Instructions for the task: The data below calls for an exact copy.

Task inputs:

┌──

(* Let $n\ge 1$, let $\Pi^n=(t_{\underline{k}})_{\underline{k}\in\mathbb{Z}^n}$ be a node sequence as described in the context, and let $\chi:\mathbb{R}\to\mathbb{R}$ be a one-dimensional kernel (with respect to each of the coordinate sequences $(t_{k_i})_{k_i\in\mathbb{Z}}$, $i=1,\dots,n$). Let $X(\underline{x}):=\prod_{i=1}^n\chi(x_i)$. Assume that $$\chi(x)=\mathcal{O}(|x|^{-2})\quad\text{as } |x|\to+\infty,$$ and that $m_{1,\Pi}(\chi)=+\infty$. Then there exists a constant $K>0$ depending only on the kernel $X$ (and the nodes) such that for every $f\in C(\mathbb{R}^n)$ (uniformly continuous and bounded) $$\|K^X_w f-f\|_\infty\le K\left[\omega\!\left(f,\frac{\log w}{w}\right)+\frac{\|f\|_\infty}{w}\right]$$ for every sufficiently large $w>0$.
   Context: Nodes: for each $i=1,\dots,n$, $(t_{k_i})_{k_i\in\mathbb{Z}}$ is a strictly increasing real sequence with $t_{k_i}\to\pm\infty$ as $k_i\to\pm\infty$, and there are constants $0<\delta\le\Delta$ with $\delta\le \Delta_{k_i}:=t_{k_i+1}-t_{k_i}\le\Delta$ for all $k_i$ and all $i$. For $\underline{k}=(k_1,\dots,k_n)\in\mathbb{Z}^n$ set $t_{\underline{k}}=(t_{k_1},\dots,t_{k_n})$, $A_{\underline{k}}:=\Delta_{k_1}\cdots\Delta_{k_n}$, and for $w>0$, $R^w_{\underline{k}}:=[t_{k_1}/w,t_{k_1+1}/w]\times\cdots\times[t_{k_n}/w,t_{k_n+1}/w]$ (of Lebesgue measure $A_{\underline{k}}/w^n$). Kernel: a function $X:\mathbb{R}^n\to\mathbb{R}$ is a kernel (w.r.t. the nodes) if ($\chi1$) $X\in L^1(\mathbb{R}^n)$ and $X$ is bounded in a neighborhood of $\underline 0$; ($\chi2$) $\sum_{\underline{k}\in\mathbb{Z}^n}X(\underline{x}-t_{\underline{k}})=1$ for every $\underline{x}\in\mathbb{R}^n$; ($\chi3$) for some $\beta>0$, $m_{\beta,\Pi^n}(X):=\sup_{\underline{x}\in\mathbb{R}^n}\sum_{\underline{k}\in\mathbb{Z}^n}|X(\underline{x}-t_{\underline{k}})|\,\|\underline{x}-t_{\underline{k}}\|_2^\beta<+\infty$. A one-dimensional kernel is the case $n=1$, with moments denoted $m_{\beta,\Pi}(\chi)=\sup_{x\in\mathbb{R}}\sum_{k}|\chi(x-t_k)||x-t_k|^\beta$ (for $\beta\ge 0$). Sampling Kantorovich operators: for a locally integrable $f:\mathbb{R}^n\to\mathbb{R}$ such that the series converges, $$(K^X_w f)(\underline{x}):=\sum_{\underline{k}\in\mathbb{Z}^n}X(w\underline{x}-t_{\underline{k}})\,\frac{w^n}{A_{\underline{k}}}\int_{R^w_{\underline{k}}}f(\underline{u})\,d\underline{u},\qquad \underline{x}\in\mathbb{R}^n,\ w>0.$$ $C(\mathbb{R}^n)$ denotes the space of uniformly continuous and bounded functions on $\mathbb{R}^n$, with sup norm $\|\cdot\|_\infty$, and $\omega(f,\delta):=\sup_{\|\underline{t}\|_2\le\delta}\sup_{\underline{x}}|f(\underline{x}+\underline{t})-f(\underline{x})|$ is its modulus of continuity. *)

theory Defs
  imports "HOL-Analysis.Analysis" "HOL-Library.Landau_Symbols"
begin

└──

Completed task:
(* Let $n\ge 1$, let $\Pi^n=(t_{\underline{k}})_{\underline{k}\in\mathbb{Z}^n}$ be a node sequence as described in the context, and let $\chi:\mathbb{R}\to\mathbb{R}$ be a one-dimensional kernel (with respect to each of the coordinate sequences $(t_{k_i})_{k_i\in\mathbb{Z}}$, $i=1,\dots,n$). Let $X(\underline{x}):=\prod_{i=1}^n\chi(x_i)$. Assume that $$\chi(x)=\mathcal{O}(|x|^{-2})\quad\text{as } |x|\to+\infty,$$ and that $m_{1,\Pi}(\chi)=+\infty$. Then there exists a constant $K>0$ depending only on the kernel $X$ (and the nodes) such that for every $f\in C(\mathbb{R}^n)$ (uniformly continuous and bounded) $$\|K^X_w f-f\|_\infty\le K\left[\omega\!\left(f,\frac{\log w}{w}\right)+\frac{\|f\|_\infty}{w}\right]$$ for every sufficiently large $w>0$.
   Context: Nodes: for each $i=1,\dots,n$, $(t_{k_i})_{k_i\in\mathbb{Z}}$ is a strictly increasing real sequence with $t_{k_i}\to\pm\infty$ as $k_i\to\pm\infty$, and there are constants $0<\delta\le\Delta$ with $\delta\le \Delta_{k_i}:=t_{k_i+1}-t_{k_i}\le\Delta$ for all $k_i$ and all $i$. For $\underline{k}=(k_1,\dots,k_n)\in\mathbb{Z}^n$ set $t_{\underline{k}}=(t_{k_1},\dots,t_{k_n})$, $A_{\underline{k}}:=\Delta_{k_1}\cdots\Delta_{k_n}$, and for $w>0$, $R^w_{\underline{k}}:=[t_{k_1}/w,t_{k_1+1}/w]\times\cdots\times[t_{k_n}/w,t_{k_n+1}/w]$ (of Lebesgue measure $A_{\underline{k}}/w^n$). Kernel: a function $X:\mathbb{R}^n\to\mathbb{R}$ is a kernel (w.r.t. the nodes) if ($\chi1$) $X\in L^1(\mathbb{R}^n)$ and $X$ is bounded in a neighborhood of $\underline 0$; ($\chi2$) $\sum_{\underline{k}\in\mathbb{Z}^n}X(\underline{x}-t_{\underline{k}})=1$ for every $\underline{x}\in\mathbb{R}^n$; ($\chi3$) for some $\beta>0$, $m_{\beta,\Pi^n}(X):=\sup_{\underline{x}\in\mathbb{R}^n}\sum_{\underline{k}\in\mathbb{Z}^n}|X(\underline{x}-t_{\underline{k}})|\,\|\underline{x}-t_{\underline{k}}\|_2^\beta<+\infty$. A one-dimensional kernel is the case $n=1$, with moments denoted $m_{\beta,\Pi}(\chi)=\sup_{x\in\mathbb{R}}\sum_{k}|\chi(x-t_k)||x-t_k|^\beta$ (for $\beta\ge 0$). Sampling Kantorovich operators: for a locally integrable $f:\mathbb{R}^n\to\mathbb{R}$ such that the series converges, $$(K^X_w f)(\underline{x}):=\sum_{\underline{k}\in\mathbb{Z}^n}X(w\underline{x}-t_{\underline{k}})\,\frac{w^n}{A_{\underline{k}}}\int_{R^w_{\underline{k}}}f(\underline{u})\,d\underline{u},\qquad \underline{x}\in\mathbb{R}^n,\ w>0.$$ $C(\mathbb{R}^n)$ denotes the space of uniformly continuous and bounded functions on $\mathbb{R}^n$, with sup norm $\|\cdot\|_\infty$, and $\omega(f,\delta):=\sup_{\|\underline{t}\|_2\le\delta}\sup_{\underline{x}}|f(\underline{x}+\underline{t})-f(\underline{x})|$ is its modulus of continuity. *)

theory Defs
  imports "HOL-Analysis.Analysis" "HOL-Library.Landau_Symbols"
begin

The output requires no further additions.